= Spam in blogs =

Form of spamdexing

Spam in blogs (also known as blog spam, comment spam, or social spam) is a form of spamdexing which utilizes internet sites that allow content to be publicly posted, in order to artificially inflate their website ranking by linking back (also referred to as backlinking) to their web pages. Backlinking helps search algorithms determine the popularity of a web page, which plays a major role for search engines like Google and Microsoft Bing to decide a web page ranking on a certain search query. This helps the spammer's website to list ahead of other sites for certain searches, which helps them to increase the number of visitors to their website.

It may be done by posting random comments on other blog websites (usually by an automated process), or by copying other websites' content and using it on free-to-use publishing services like Blogger and WordPress or publicly accessible wikis, digital guest books, and internet forums.

Note that blog spam also has another meaning, specifically when a blog author creates posts without adding any informational or educational value solely for publishing them on other websites

==History==
This type of spam originally appeared in internet guestbooks, where spammers repeatedly filled a guestbook with links to their sites and irrelevant comments, to increase their search engine rankings. If an actual comment is given, it is often just "cool page", "nice website", or keywords of the spammed link.

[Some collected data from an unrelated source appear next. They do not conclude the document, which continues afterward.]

lemma set_integral_pos_AE:
  fixes f :: "real \<Rightarrow> real"
  assumes f: "set_integrable lborel A f" and pos: "AE x\<in>A in lborel. 0 < f x"
    and A: "A \<in> sets lborel" "emeasure lborel A \<noteq> 0"
  shows "0 < (LINT x:A|lborel. f x)"
proof -
  let ?g = "\<lambda>x. indicator A x *\<^sub>R f x"
  have g: "integrable lborel ?g" using f unfolding set_integrable_def .
  have nonneg: "AE x in lborel. 0 \<le> ?g x"
    using pos by eventually_elim (auto simp: indicator_def)
  show ?thesis
  proof (rule ccontr)
    assume "\<not> ?thesis"
    then have "integral\<^sup>L lborel ?g = 0"
      using integral_nonneg_AE[OF nonneg] unfolding set_lebesgue_integral_def by simp
    then have "AE x in lborel. ?g x = 0"
      using integral_nonneg_eq_0_iff_AE[OF g nonneg] by simp
    then have "AE x in lborel. x \<notin> A"
      using pos by eventually_elim (auto simp: indicator_def)
    then show False
      using A AE_iff_measurable[of A lborel "\<lambda>x. x \<notin> A"] by auto
  qed
qed

lemma borel_measurable_indicator_scaleR_comp:
  fixes w h :: "real \<Rightarrow> real"
  assumes w: "set_integrable lborel A w" and h: "h \<in> borel_measurable borel" "h 0 = 0"
  shows "(\<lambda>x. indicator A x *\<^sub>R h (w x)) \<in> borel_measurable lborel"
proof -
  have "(\<lambda>x. indicator A x *\<^sub>R w x) \<in> borel_measurable lborel"
    using w unfolding set_integrable_def by (rule borel_measurable_integrable)
  moreover have "(\<lambda>x. indicator A x *\<^sub>R h (w x)) = (\<lambda>x. h (indicator A x *\<^sub>R w x))"
    using h(2) by (intro ext) (simp split: split_indicator)
  ultimately show ?thesis using h(1) by (simp add: measurable_compose)
qed

lemma IVT_exists_value_in:
  fixes F :: "real \<Rightarrow> real"
  assumes "continuous_on {f..e} F" "f \<le> e" "F f \<le> M" "0 \<le> F e" "0 \<le> M"
  shows "\<exists>s\<in>{f..e}. F s \<in> {0..M}"
proof (cases "0 \<le> F f")
  case False
  then obtain s where "s \<in> {f..e}" "F s = 0"
    using IVT'[of F f 0 e] assms by auto
  then show ?thesis using assms by (intro bexI[of _ s]) auto
qed (use assms in auto)

lemma cut_fraction_lt_half:
  fixes Q Q1 \<tau> \<delta> :: real
  assumes Q: "0 < Q" "Q < Q1" and \<tau>: "2 * Q * Q1 \<le> \<tau> * (Q1 - Q)" and \<delta>: "0 < \<delta>" "\<delta> * exp \<tau> \<le> Q"
  shows "\<delta> < 1 / 2"
proof -
  have "2 * Q * (Q1 - Q) < 2 * Q * Q1" using Q by simp
  then have "2 * Q * (Q1 - Q) < \<tau> * (Q1 - Q)" using \<tau> by linarith
  then have "2 * Q < \<tau>" using Q by simp
  then have "2 * Q < exp \<tau>" using exp_ge_add_one_self[of \<tau>] by linarith
  then have "\<delta> * (2 * Q) < \<delta> * exp \<tau>" using \<delta> by simp
  then have "(2 * \<delta>) * Q < 1 * Q" using \<delta>(2) by linarith
  then show ?thesis using Q by (simp only: mult_less_cancel_right_pos)
qed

In 2003, spammers began to take advantage of the open nature of comments in the blogging software like Movable Type by repeatedly placing comments on various blog posts that provided nothing more than a link to the spammer's commercial web site. Jay Allen created a free plugin, called MT-BlackList, for the Movable Type weblog tool (versions prior to 3.2) that attempted to alleviate this problem. Many blogging packages now have methods of preventing or reducing the effect of blog spam built in due to its prevalence, although spammers too have developed tools to circumvent them. Many spammers use special blog spamming tools like trackback submitter to bypass comment spam protection on popular blogging systems like Movable Type, WordPress, and others.

==Application-specific implementations==
Particularly popular software products such as Movable Type and MediaWiki have developed or included anti-spam measures, as spammers focus more on targeting those platforms due to their prevalence on the Internet. Whitelists and blacklists that prevent certain IPs from posting, or that prevent people from posting content that matches certain filters, are common defences although most software tends to use a combination of the variety of different techniques documented below.

The goal in every potential solution is to allow legitimate users to continue posting their comments (and often even add links to their comments, as that is considered by some to be a valuable aspect of any comments section, when the links are relevant or related to the article or content) whilst preventing all spam links or irrelevant comments from being viewable to the site's owner and visitors.